UN CLÁSICO NADA INFANTIL


[Jonathan Swift, Los viajes de Gulliver, Sexto Piso, trad.: Antonio Rivero Taravillo, 2014, págs. 351]

Sí, admito desde el principio que la cuestión tiene su retranca filosófica. Los viajes de Gulliver serían un clásico infantil en la medida en que, si tomamos en serio las opiniones del sarcástico autor del libro, la especie humana como tal no habría salido aún de la infancia y la inmadurez. Es lógico, por consiguiente, que durante mucho tiempo esta genial novela, una de las grandes obras canónicas de la cultura occidental, fuera considerada una fantasía especulativa escrita para entretener el ocio inteligente de los niños (no, ay, de las niñas, que entretenían su inteligencia con otros libros pensados para discriminar aún más a su sexo).
Decía Savater hace años en uno de sus mejores libros (La infancia recuperada) que solo un malicioso error de juicio podía haber convertido una de las obras más satíricas y feroces sobre la condición humana, como esta, en un clásico inofensivo para niños y adolescentes.

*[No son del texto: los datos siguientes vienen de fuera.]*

(* Let $l_1,u_1,l_2,u_2$ be non-negative integers and $(f(k))$, $(g(k))$ complex sequences such that the polynomial identity \[ \sum_{k=l_1}^{u_1}f(k)(1-t)^k=\sum_{k=l_2}^{u_2}g(k)t^k \] holds for all complex $t$. Let $r,s\in\mathbb{C}\setminus\mathbb{Z}^{-}$ with $s\neq0$ and $r-s\notin\mathbb{Z}^{-}$. Then \[ \sum_{k=l_1}^{u_1}f(k)\frac{1}{\binom{k+r}{s}}=\sum_{k=l_2}^{u_2}g(k)\frac{s}{r-s+1}\frac{1}{\binom{k+r}{r-s+1}}, \] and \[ \sum_{k=l_1}^{u_1}f(k)\frac{H_s-H_{k+r-s}}{\binom{k+r}{s}}=\sum_{k=l_2}^{u_2}g(k)\frac{r+1}{(r-s+1)^2}\frac{1}{\binom{k+r}{r-s+1}}+\sum_{k=l_2}^{u_2}g(k)\frac{s}{r-s+1}\frac{H_{k+s-1}-H_{r-s+1}}{\binom{k+r}{r-s+1}}. \]
   Context: $\mathbb{Z}^{-}$ denotes the set of negative integers. For complex $z$ not a negative integer, $H_z=\psi(z+1)+\gamma$ ($\psi$ the digamma function, $\gamma$ Euler's constant). Binomial coefficients with complex entries: $\binom{x}{y}=\frac{\Gamma(x+1)}{\Gamma(y+1)\Gamma(x-y+1)}$. *)

theory Defs
  imports "HOL-Analysis.Analysis"
begin

definition neg_ints :: "complex set" where
  "neg_ints = {of_int n | n. n < 0}"

definition harm :: "complex \<Rightarrow> complex" where
  "harm z = Digamma (z + 1) + euler_mascheroni"

definition cbinom :: "complex \<Rightarrow> complex \<Rightarrow> complex" where
  "cbinom x y = Gamma (x + 1) / (Gamma (y + 1) * Gamma (x - y + 1))"

end

theory Submission
  imports Defs
begin

(* Substituting t := 1 - t and comparing coefficients, the polynomial identity says that f is
   the binomial transform of g, so that sum f(k) phi(k) = sum g(k) (Delta^k phi)(0) for every
   sequence phi, with (Delta^k phi)(0) = sum_i (-1)^i C(k,i) phi(i).
   With a = r - s + 1 we have 1/binom(k + r, s) = s B(a + k, s), and the Beta recurrence
   B(a + 1, b) + B(a, b + 1) = B(a, b) makes the k-th difference equal to s B(a, s + k): this is
   the first identity.  The second one is its derivative in s: since a + b does not depend on s,
   d/ds [s B(a, s + k)] = B(a, b) + s B(a, b) (psi(b) - psi(a)) with b = s + k, and the second
   summand satisfies the same recurrence by psi(z + 1) = psi(z) + 1/z. *)

lemma sum_binomial_atMost_extend:
  fixes c :: "nat \<Rightarrow> 'a::comm_semiring_1"
  assumes "k \<le> N"
  shows "(\<Sum>i\<le>k. of_nat (k choose i) * c i) = (\<Sum>i\<le>N. of_nat (k choose i) * c i)"
  by (rule sum.mono_neutral_left) (use assms in \<open>auto simp: binomial_eq_0\<close>)

lemma one_minus_power_eq_sum:
  fixes x :: "'a::comm_ring_1"
  shows "(1 - x) ^ k = (\<Sum>i\<le>k. of_nat (k choose i) * (-1) ^ i * x ^ i)"
proof -
  have "(1 - x) ^ k = (\<Sum>i\<le>k. of_nat (k choose i) * (-x) ^ i * 1 ^ (k - i))"
    using binomial_ring[of "-x" 1 k] by simp
  then show ?thesis
    by (simp add: power_minus[of x] mult.assoc)
qed

lemma sum_binomial_transform_swap:
  fixes G X :: "nat \<Rightarrow> 'a::comm_ring_1"
  shows "(\<Sum>k\<le>N. G k * (\<Sum>i\<le>k. of_nat (k choose i) * (-1) ^ i * X i))
       = (\<Sum>i\<le>N. (\<Sum>k\<le>N. G k * (of_nat (k choose i) * (-1) ^ i)) * X i)"
proof -
  have "(\<Sum>k\<le>N. G k * (\<Sum>i\<le>k. of_nat (k choose i) * (-1) ^ i * X i))
      = (\<Sum>k\<le>N. G k * (\<Sum>i\<le>N. of_nat (k choose i) * ((-1) ^ i * X i)))"
  proof (intro sum.cong refl)
    fix k assume "k \<in> {..N}"
    then show "G k * (\<Sum>i\<le>k. of_nat (k choose i) * (-1) ^ i * X i)
        = G k * (\<Sum>i\<le>N. of_nat (k choose i) * ((-1) ^ i * X i))"
      using sum_binomial_atMost_extend[of k N "\<lambda>i. (-1) ^ i * X i"] by (simp add: mult.assoc)
  qed
  also have "\<dots> = (\<Sum>i\<le>N. (\<Sum>k\<le>N. G k * (of_nat (k choose i) * (-1) ^ i)) * X i)"
    unfolding sum_distrib_left sum_distrib_right
    by (subst sum.swap) (simp add: mult_ac)
  finally show ?thesis .
qed

lemma sum_eq_binomial_transform_if_polyfun_eq:
  fixes f g c :: "nat \<Rightarrow> 'a::{idom,real_normed_div_algebra}"
  assumes "finite A" "finite B"
    and poly: "\<And>t. (\<Sum>k\<in>A. f k * (1 - t) ^ k) = (\<Sum>k\<in>B. g k * t ^ k)"
  shows "(\<Sum>k\<in>A. f k * c k) = (\<Sum>k\<in>B. g k * (\<Sum>i\<le>k. of_nat (k choose i) * (-1) ^ i * c i))"
proof -
  obtain N where "A \<union> B \<subseteq> {..N}"
    using assms(1,2) finite_nat_iff_bounded_le by blast
  then have AN: "A \<subseteq> {..N}" and BN: "B \<subseteq> {..N}" by auto
  define F where "F k = (if k \<in> A then f k else 0)" for k
  define G where "G k = (if k \<in> B then g k else 0)" for k
  define H where "H i = (\<Sum>k\<le>N. G k * (of_nat (k choose i) * (-1) ^ i))" for i
  have F_sum: "(\<Sum>k\<in>A. f k * X k) = (\<Sum>k\<le>N. F k * X k)" for X :: "nat \<Rightarrow> 'a"
    by (rule sum.mono_neutral_cong_left) (use AN in \<open>auto simp: F_def\<close>)
  have G_sum: "(\<Sum>k\<in>B. g k * X k) = (\<Sum>k\<le>N. G k * X k)" for X :: "nat \<Rightarrow> 'a"
    by (rule sum.mono_neutral_cong_left) (use BN in \<open>auto simp: G_def\<close>)
  have H_sum: "(\<Sum>k\<le>N. G k * (\<Sum>i\<le>k. of_nat (k choose i) * (-1) ^ i * X i)) = (\<Sum>i\<le>N. H i * X i)"
    for X :: "nat \<Rightarrow> 'a"
    unfolding H_def by (rule sum_binomial_transform_swap)
  have "(\<Sum>k\<le>N. F k * x ^ k) = (\<Sum>i\<le>N. H i * x ^ i)" for x
  proof -
    have "(\<Sum>k\<le>N. F k * x ^ k) = (\<Sum>k\<in>A. f k * (1 - (1 - x)) ^ k)"
      by (simp add: F_sum)
    also have "\<dots> = (\<Sum>k\<le>N. G k * (1 - x) ^ k)"
      by (simp only: poly G_sum)
    also have "\<dots> = (\<Sum>i\<le>N. H i * x ^ i)"
      by (simp only: one_minus_power_eq_sum H_sum)
    finally show ?thesis .
  qed
  then have FH: "F i = H i" if "i \<le> N" for i
    using polyfun_eq_coeffs that by blast
  have "(\<Sum>k\<in>A. f k * c k) = (\<Sum>i\<le>N. H i * c i)"
    by (simp add: F_sum FH)
  also have "\<dots> = (\<Sum>k\<in>B. g k * (\<Sum>i\<le>k. of_nat (k choose i) * (-1) ^ i * c i))"
    by (simp only: H_sum G_sum)
  finally show ?thesis .
qed

lemma sum_Suc_choose_split:
  fixes a :: "nat \<Rightarrow> 'a::comm_semiring_1"
  shows "(\<Sum>i\<le>Suc j. of_nat (Suc j choose i) * a i)
       = (\<Sum>i\<le>j. of_nat (j choose i) * a i) + (\<Sum>i\<le>j. of_nat (j choose i) * a (Suc i))"
proof -
  have "(\<Sum>i\<le>Suc j. of_nat (Suc j choose i) * a i)
      = a 0 + (\<Sum>i\<le>j. of_nat (j choose Suc i) * a (Suc i)) + (\<Sum>i\<le>j. of_nat (j choose i) * a (Suc i))"
    by (subst sum.atMost_Suc_shift) (simp add: sum.distrib algebra_simps)
  also have "a 0 + (\<Sum>i\<le>j. of_nat (j choose Suc i) * a (Suc i)) = (\<Sum>i\<le>Suc j. of_nat (j choose i) * a i)"
    by (simp only: sum.atMost_Suc_shift) simp
  also have "\<dots> = (\<Sum>i\<le>j. of_nat (j choose i) * a i)"
    by (simp add: binomial_eq_0)
  finally show ?thesis .
qed

lemma sum_alternating_binomial_eq_iterated_difference:
  fixes D :: "nat \<Rightarrow> nat \<Rightarrow> 'a::comm_ring_1"
  assumes "\<And>j m. D (Suc j) m = D j m - D j (Suc m)"
  shows "(\<Sum>i\<le>j. of_nat (j choose i) * (-1) ^ i * D 0 (i + m)) = D j m"
proof (induction j arbitrary: m)
  case 0
  then show ?case by simp
next
  case (Suc j)
  have "(\<Sum>i\<le>Suc j. of_nat (Suc j choose i) * ((-1) ^ i * D 0 (i + m)))
      = (\<Sum>i\<le>j. of_nat (j choose i) * ((-1) ^ i * D 0 (i + m)))
        - (\<Sum>i\<le>j. of_nat (j choose i) * ((-1) ^ i * D 0 (i + Suc m)))"
    unfolding sum_Suc_choose_split by (simp add: sum_negf)
  also have "\<dots> = D j m - D j (Suc m)"
    using Suc.IH[of m] Suc.IH[of "Suc m"] by (simp add: mult.assoc)
  finally show ?case
    by (simp add: assms mult.assoc)
qed

lemma plus_of_nat_notin_nonpos_Ints:
  fixes z :: "'a::ring_1"
  assumes "z \<notin> \<int>\<^sub>\<le>\<^sub>0"
  shows "z + of_nat n \<notin> \<int>\<^sub>\<le>\<^sub>0"
proof
  assume "z + of_nat n \<in> \<int>\<^sub>\<le>\<^sub>0"
  then have "z + of_nat n - of_nat n \<in> \<int>\<^sub>\<le>\<^sub>0"
    by (rule nonpos_Ints_diff_Nats) simp
  with assms show False by simp
qed

lemma sum_alternating_binomial_if_Pascal_recurrence:
  fixes h :: "'a::comm_ring_1 \<Rightarrow> 'a \<Rightarrow> 'a"
  assumes rec: "\<And>a b. a \<notin> \<int>\<^sub>\<le>\<^sub>0 \<Longrightarrow> b \<notin> \<int>\<^sub>\<le>\<^sub>0 \<Longrightarrow> h (a + 1) b + h a (b + 1) = h a b"
    and a: "a \<notin> \<int>\<^sub>\<le>\<^sub>0" and b: "b \<notin> \<int>\<^sub>\<le>\<^sub>0"
  shows "(\<Sum>i\<le>j. of_nat (j choose i) * (-1) ^ i * h (a + of_nat i) b) = h a (b + of_nat j)"
proof -
  define D where "D j m = h (a + of_nat m) (b + of_nat j)" for j m
  have "D (Suc j) m = D j m - D j (Suc m)" for j m
    using rec[OF plus_of_nat_notin_nonpos_Ints[OF a] plus_of_nat_notin_nonpos_Ints[OF b], of m j]
    by (simp add: D_def algebra_simps)
  from sum_alternating_binomial_eq_iterated_difference[of D, OF this, of j 0]
  show ?thesis by (simp add: D_def)
qed

lemma Beta_plus1_right_div_eq_Beta_plus1_left_div:
  fixes a b :: "'a::Gamma"
  assumes a: "a \<notin> \<int>\<^sub>\<le>\<^sub>0" and b: "b \<notin> \<int>\<^sub>\<le>\<^sub>0"
  shows "Beta a (b + 1) / b = Beta (a + 1) b / a"
proof -
  have "a \<noteq> 0" "b \<noteq> 0" using a b by auto
  then show ?thesis
    unfolding Beta_altdef Gamma_plus1[OF a] Gamma_plus1[OF b] by (simp add: ac_simps)
qed

text \<open>The derivative of \<open>t \<mapsto> Beta (a - t) (b + t)\<close> at \<open>t = 0\<close>.\<close>
definition Beta_deriv :: "'a::Gamma \<Rightarrow> 'a \<Rightarrow> 'a" where
  "Beta_deriv a b = Beta a b * (Digamma b - Digamma a)"

lemma Beta_deriv_commute: "Beta_deriv b a = - Beta_deriv a b"
  by (simp add: Beta_deriv_def Beta_commute algebra_simps)

lemma Beta_deriv_plus1_plus1:
  fixes a b :: "'a::Gamma"
  assumes a: "a \<notin> \<int>\<^sub>\<le>\<^sub>0" and b: "b \<notin> \<int>\<^sub>\<le>\<^sub>0"
  shows "Beta_deriv (a + 1) b + Beta_deriv a (b + 1) = Beta_deriv a b"
proof -
  have "a \<noteq> 0" "b \<noteq> 0" using a b by auto
  then have "Beta_deriv (a + 1) b + Beta_deriv a (b + 1)
      = (Beta (a + 1) b + Beta a (b + 1)) * (Digamma b - Digamma a)
        + (Beta a (b + 1) / b - Beta (a + 1) b / a)"
    unfolding Beta_deriv_def Digamma_plus1[OF \<open>a \<noteq> 0\<close>] Digamma_plus1[OF \<open>b \<noteq> 0\<close>]
    by (simp add: algebra_simps)
  also have "\<dots> = Beta_deriv a b"
    by (simp add: Beta_plus1_plus1 Beta_plus1_right_div_eq_Beta_plus1_left_div a b Beta_deriv_def)
  finally show ?thesis .
qed

lemma inverse_cbinom_eq_Beta:
  assumes "y \<notin> \<int>\<^sub>\<le>\<^sub>0"
  shows "1 / cbinom x y = y * Beta (x - y + 1) y"
  unfolding cbinom_def Beta_def Gamma_plus1[OF assms] by (simp add: ac_simps)

lemma harm_diff_div_cbinom_eq_Beta:
  assumes "y \<notin> \<int>\<^sub>\<le>\<^sub>0"
  shows "(harm y - harm (x - y)) / cbinom x y = Beta (x - y + 1) y + y * Beta_deriv (x - y + 1) y"
proof -
  have "y \<noteq> 0" using assms by auto
  have "(harm y - harm (x - y)) / cbinom x y = (harm y - harm (x - y)) * (1 / cbinom x y)"
    by simp
  also have "\<dots> = (1 / y + (Digamma y - Digamma (x - y + 1))) * (y * Beta (x - y + 1) y)"
    unfolding inverse_cbinom_eq_Beta[OF assms] harm_def Digamma_plus1[OF \<open>y \<noteq> 0\<close>] by simp
  also have "\<dots> = Beta (x - y + 1) y + y * Beta_deriv (x - y + 1) y"
    using \<open>y \<noteq> 0\<close> by (simp add: Beta_deriv_def field_simps)
  finally show ?thesis .
qed

lemma sum_alternating_inverse_cbinom:
  fixes r s :: complex
  assumes s: "s \<notin> \<int>\<^sub>\<le>\<^sub>0" and rs: "r - s + 1 \<notin> \<int>\<^sub>\<le>\<^sub>0"
  shows "(\<Sum>i\<le>k. of_nat (k choose i) * (-1) ^ i * (1 / cbinom (of_nat i + r) s))
       = s * Beta (r - s + 1) (s + of_nat k)"
proof -
  have shift: "of_nat i + r - s + 1 = r - s + 1 + of_nat i" for i :: nat
    by simp
  show ?thesis
    unfolding inverse_cbinom_eq_Beta[OF s] shift
    by (intro sum_alternating_binomial_if_Pascal_recurrence[OF _ rs s])
       (simp add: Beta_plus1_plus1 flip: distrib_left)
qed

lemma sum_alternating_harm_diff_div_cbinom:
  fixes r s :: complex
  assumes s: "s \<notin> \<int>\<^sub>\<le>\<^sub>0" and rs: "r - s + 1 \<notin> \<int>\<^sub>\<le>\<^sub>0"
  shows "(\<Sum>i\<le>k. of_nat (k choose i) * (-1) ^ i *
            ((harm s - harm (of_nat i + r - s)) / cbinom (of_nat i + r) s))
       = Beta (r - s + 1) (s + of_nat k) + s * Beta_deriv (r - s + 1) (s + of_nat k)"
proof -
  have shift: "of_nat i + r - s + 1 = r - s + 1 + of_nat i" for i :: nat
    by simp
  show ?thesis
    unfolding harm_diff_div_cbinom_eq_Beta[OF s] shift
  proof (rule sum_alternating_binomial_if_Pascal_recurrence[OF _ rs s])
    fix a b :: complex
    assume a: "a \<notin> \<int>\<^sub>\<le>\<^sub>0" and b: "b \<notin> \<int>\<^sub>\<le>\<^sub>0"
    have "Beta (a + 1) b + s * Beta_deriv (a + 1) b + (Beta a (b + 1) + s * Beta_deriv a (b + 1))
        = (Beta (a + 1) b + Beta a (b + 1)) + s * (Beta_deriv (a + 1) b + Beta_deriv a (b + 1))"
      by (simp add: algebra_simps)
    also have "\<dots> = Beta a b + s * Beta_deriv a b"
      by (simp only: Beta_plus1_plus1[OF a b] Beta_deriv_plus1_plus1[OF a b])
    finally show "Beta (a + 1) b + s * Beta_deriv (a + 1) b + (Beta a (b + 1) + s * Beta_deriv a (b + 1))
        = Beta a b + s * Beta_deriv a b" .
  qed
qed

La presencia de enanos y gigantes, viajes fantásticos, caballos parlantes, humanos bestiales y demás portentos de la imaginación más descabellada predisponían a ello. El escritor dublinés Jonathan Swift pertenece, en opinión de Savater, a una estirpe literaria singular: los escritores demasiado serios exiliados en el jardín de la infancia por un mundo adulto que se niega a escuchar sus diatribas morales o su humor corrosivo. Es, por esto, una acertada iniciativa que Sexto Piso lo edite ahora, en tiempos de corrección política, con hermosas ilustraciones de Javier Sáez Castán y espléndida traducción de Antonio Rivero Taravillo.

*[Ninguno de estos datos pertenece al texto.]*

lemma falsified_node_infinite_path:
  fixes M :: "('a,'p,'w) model"
  assumes pp: "is_preproof t C" and "falsified_node M t p w"
  shows "\<exists>ps js ws. is_path t C ps js \<and>
    (\<forall>i. descending_step M (node_rule t (ps i)) (js i) (snd (node_seq t (ps i))) (ws i) (ws (Suc i)))"
proof -
  define step where "step x j y \<longleftrightarrow>
      (\<exists>s r ts. subtree t (fst x) = Some (PNode s r ts) \<and> j < length ts) \<and>
      fst y = next_node t C (fst x) j \<and>
      descending_step M (node_rule t (fst x)) j (snd (node_seq t (fst x))) (snd x) (snd y)"
    for x y :: "nat list \<times> 'w" and j
  have "\<exists>f. \<forall>i. falsified_node M t (fst (f i)) (snd (f i)) \<and> (\<exists>j. step (f i) j (f (Suc i)))"
  proof (rule dependent_nat_choice)
    show "\<exists>x. falsified_node M t (fst x) (snd x)"
      using assms(2) by auto
    show "\<exists>y. falsified_node M t (fst y) (snd y) \<and> (\<exists>j. step x j y)"
      if "falsified_node M t (fst x) (snd x)" for x :: "nat list \<times> 'w" and i :: nat
      using falsified_node_successor[OF pp that] unfolding step_def by fastforce
  qed
  then obtain f where "\<forall>i. \<exists>j. step (f i) j (f (Suc i))" by blast
  then obtain js where "\<And>i. step (f i) (js i) (f (Suc i))" by metis
  then show ?thesis
    unfolding step_def is_path_def by (intro exI[of _ "fst \<circ> f"] exI[of _ js] exI[of _ "snd \<circ> f"]) auto
qed

lemma eventually_antitone_nat_not_frequently_descending:
  fixes f :: "nat \<Rightarrow> nat"
  assumes antitone: "\<And>i. k \<le> i \<Longrightarrow> f (Suc i) \<le> f i"
  shows "\<not> (\<exists>\<^sub>\<infinity>i. f (Suc i) < f i)"
proof
  assume "\<exists>\<^sub>\<infinity>i. f (Suc i) < f i"
  obtain i where "k \<le> i" and least: "\<And>j. k \<le> j \<Longrightarrow> f i \<le> f j"
    using ex_has_least_nat[of "\<lambda>j. k \<le> j" k f] by auto
  from \<open>\<exists>\<^sub>\<infinity>i. f (Suc i) < f i\<close> obtain n where "i \<le> n" "f (Suc n) < f n"
    unfolding cofinite_eq_sequentially frequently_sequentially by blast
  from \<open>i \<le> n\<close> have "f n \<le> f i"
  proof (induction n rule: dec_induct)
    case (step m)
    with antitone[of m] \<open>k \<le> i\<close> show ?case by simp
  qed simp
  with \<open>f (Suc n) < f n\<close> least[of "Suc n"] \<open>k \<le> i\<close> \<open>i \<le> n\<close> show False by simp
qed

lemma descending_path_not_inf_progressing:
  assumes desc: "\<forall>i. descending_step M (node_rule t (ps i)) (js i) (snd (node_seq t (ps i))) (ws i) (ws (Suc i))"
    and trace: "is_trace t ps js k \<tau>"
  shows "\<not> inf_progressing t ps js \<tau>"
proof
  assume "inf_progressing t ps js \<tau>"
  define f where "f i = rank M (\<tau> i) (ws i)" for i
  have f_step: "f (Suc i) \<le> f i \<and> (progress (node_rule t (ps i)) (js i) (\<tau> i) (\<tau> (Suc i)) \<longrightarrow> f (Suc i) < f i)"
    if "k \<le> i" for i
    using trace desc that unfolding is_trace_def descending_step_def f_def by blast
  from \<open>inf_progressing t ps js \<tau>\<close> have "\<exists>\<^sub>\<infinity>i. f (Suc i) < f i"
    unfolding inf_progressing_def cofinite_eq_sequentially
    by (rule frequently_rev_mp) (use f_step in \<open>auto simp: eventually_sequentially\<close>)
  with f_step show False
    using eventually_antitone_nat_not_frequently_descending by blast
qed

theorem mainTheorem5:
  fixes \<Gamma> \<Delta> :: "('p,'a) fm set"
  assumes "finite \<Gamma>" and "finite \<Delta>" and "provable (\<Gamma>, \<Delta>)"
  shows "\<forall>M :: ('a,'p,'w) model. valid_seq M (\<Gamma>, \<Delta>)"
proof (intro allI, rule ccontr)
  fix M :: "('a,'p,'w) model"
  assume "\<not> valid_seq M (\<Gamma>, \<Delta>)"
  then obtain w where "falsified M (\<Gamma>, \<Delta>) w"
    by (auto simp: valid_seq_def falsified_def)
  from assms(3) obtain t C where pp: "is_preproof t C" and "seq_of t = (\<Gamma>, \<Delta>)"
    and gtc: "global_trace_condition t C"
    by (auto simp: provable_def is_proof_def)
  with \<open>falsified M (\<Gamma>, \<Delta>) w\<close> have "falsified_node M t [] w"
    by (intro falsified_node_root) simp_all
  with pp obtain ps js ws where path: "is_path t C ps js" and desc:
    "\<forall>i. descending_step M (node_rule t (ps i)) (js i) (snd (node_seq t (ps i))) (ws i) (ws (Suc i))"
    by (blast dest: falsified_node_infinite_path)
  from gtc path obtain k \<tau> where "is_trace t ps js k \<tau>" and "inf_progressing t ps js \<tau>"
    unfolding global_trace_condition_def by blast
  with desc show False
    using descending_path_not_inf_progressing by blast
qed

end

Siguiendo la estela de una moda narrativa dieciochesca, el fabuloso libro de Swift simula las trazas de una crónica de viajes y hay que adentrarse en sus páginas para ir descubriendo con sorpresa las razones del gran éxito que tuvo en su tiempo. Al principio, todo parece verosímil y convincente hasta que el narrador falsario comienza a revelar al lector las claves irónicas de su juego literario. Si Swift creyera en la veracidad incuestionable de lo que muestra no lo habría escrito en el ambiguo formato de una novela cómica, reciclando los recursos inagotables de la sátira menipea ya explotados por maestros antiguos como Luciano, Rabelais y Cyrano de Bergerac. Lemuel Gulliver es el cartógrafo imaginario de una geografía mental que acaba configurando un mapa exacto de la estulticia ideológica y la maldad humanas.

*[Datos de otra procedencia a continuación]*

lemma sum_regret_eq_0_if_q_eq_0:
  assumes "\<forall>b\<in>A. q n b = 0"
  shows "(\<Sum>a\<in>A. regret n a) = 0"
proof -
  have "rm (q n) A b = 1 / real (card A)" for b
    using assms by (simp add: rm_def)
  then show ?thesis
    using finite_A A_nonempty by (simp add: regret_def sum_subtractf sum_distrib_left)
qed

text \<open>The strategy played next has nonnegative expected regret against the current values;
  under alternating updates this makes every new strategy of the first player at least as good
  against the second player's current strategy as the old one.\<close>

lemma next_strategy_regret_nonneg: "0 \<le> (\<Sum>a\<in>A. rm (q (Suc n)) A a * regret n a)"
proof (cases "\<exists>b\<in>A. 0 < q (Suc n) b")
  case True
  then obtain b where b: "b \<in> A" "0 < q (Suc n) b" by auto
  then have "0 < (\<Sum>c\<in>A. q (Suc n) c)"
    using member_le_sum[OF b(1), of "q (Suc n)"] finite_A q_nonneg by force
  moreover have "(\<Sum>c\<in>A. q (Suc n) c) * (\<Sum>a\<in>A. rm (q (Suc n)) A a * regret n a) =
      (\<Sum>a\<in>A. q (Suc n) a * regret n a)"
    by (rule sum_mult_sum_rm[OF finite_A]) (simp add: q_nonneg)
  ultimately show ?thesis
    using sum_q_Suc_mult_regret_nonneg[of n] by (metis zero_le_mult_iff not_less)
next
  case False
  then have "\<forall>b\<in>A. q (Suc n) b = 0"
    using q_nonneg by (meson linorder_not_le order_antisym)
  then have "\<forall>b\<in>A. q n b = 0"
    using q_eq_0_if_q_Suc_eq_0 by blast
  moreover have "rm (q (Suc n)) A a = 1 / real (card A)" for a
    using False by (simp add: rm_def)
  ultimately show ?thesis
    using sum_regret_eq_0_if_q_eq_0 by (simp add: sum_divide_distrib[symmetric])
qed

end

section \<open>CFR+ with alternating updates\<close>

lemma exp_util_sum_left:
  "exp_util G (\<lambda>h. c * (\<Sum>i\<in>S. w i * R i h)) r2 = c * (\<Sum>i\<in>S. w i * exp_util G (R i) r2)"
  unfolding exp_util_def
  by (simp add: sum_distrib_left sum_distrib_right mult_ac sum.swap[of _ "terminals G"])

lemma exp_util_sum_right:
  "exp_util G r1 (\<lambda>h. c * (\<Sum>i\<in>S. w i * R i h)) = c * (\<Sum>i\<in>S. w i * exp_util G r1 (R i))"
  unfolding exp_util_def
  by (simp add: sum_distrib_left sum_distrib_right mult_ac sum.swap[of _ "terminals G"])

lemma scaled_expectation_le:
  fixes r B :: real and s R :: "'b \<Rightarrow> real"
  assumes "0 \<le> r" and "r \<le> 1" and "\<forall>a\<in>A. 0 \<le> s a" and "sum s A = 1"
    and "\<forall>a\<in>A. R a \<le> B" and "0 \<le> B"
  shows "r * (\<Sum>a\<in>A. s a * R a) \<le> B"
proof -
  have "(\<Sum>a\<in>A. s a * R a) \<le> (\<Sum>a\<in>A. s a * B)"
    using assms(3,5) by (intro sum_mono mult_left_mono) auto
  also have "\<dots> = B"
    using assms(4) by (simp add: sum_distrib_right[symmetric])
  finally have "(\<Sum>a\<in>A. s a * R a) \<le> B" .
  then show ?thesis
    using assms(1,2,6) by (cases "0 \<le> (\<Sum>a\<in>A. s a * R a)")
      (auto intro: order_trans[OF mult_left_le_one_le] order_trans[OF mult_nonneg_nonpos])
qed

Decía Swift que la sátira no vale para nada si el espejo deformante que ponemos delante de la realidad no incluye el rostro caricaturesco del autor. Este es el caso. El capitán Gulliver, tan necio como indica el juego de palabras que lo designa, posee en el primer y el segundo viajes (Liliput y Brobdingnag) la ingenuidad del aventurero lleno de expectativas y curiosidad por el mundo desconocido, reservando para el tercero (Laputa y otras islas similares) y, sobre todo, el cuarto (el País de los Houyhnhnms) la misantropía cáustica y el amargo desengaño vital que algunos asumen como la auténtica actitud del autor.


Un agudo lector del libro, el gran novelista alemán Arno Schmidt, resumía así (en su magnífica novela Momentos de la vida de un fauno) el estratégico plan de Los viajes de Gulliver: Primer libro, el genio torturado por las hormigas; Segundo libro, el horror ante todo lo orgánico; Tercer libro, contra los filólogos y los tecnócratas, contra las ciencias puras y aplicadas; y Cuarto libro, la repugnancia categórica que inspiran a Swift todos los Yahoos, incluido él mismo como moralista del montón.
Sea como sea, este libro sigue planteando uno de los grandes dilemas de la literatura. ¿Es posible denigrar a tal punto la condición humana sin apoyarse, como hace el reverendo Swift, en una creencia reaccionaria en el más allá del cristianismo? La intempestiva contemporaneidad de la sátira pasaría, más bien, por reactivar su poder crítico contra los desafueros e iniquidades del mundo real sin propugnar por ello la entelequia del otro mundo.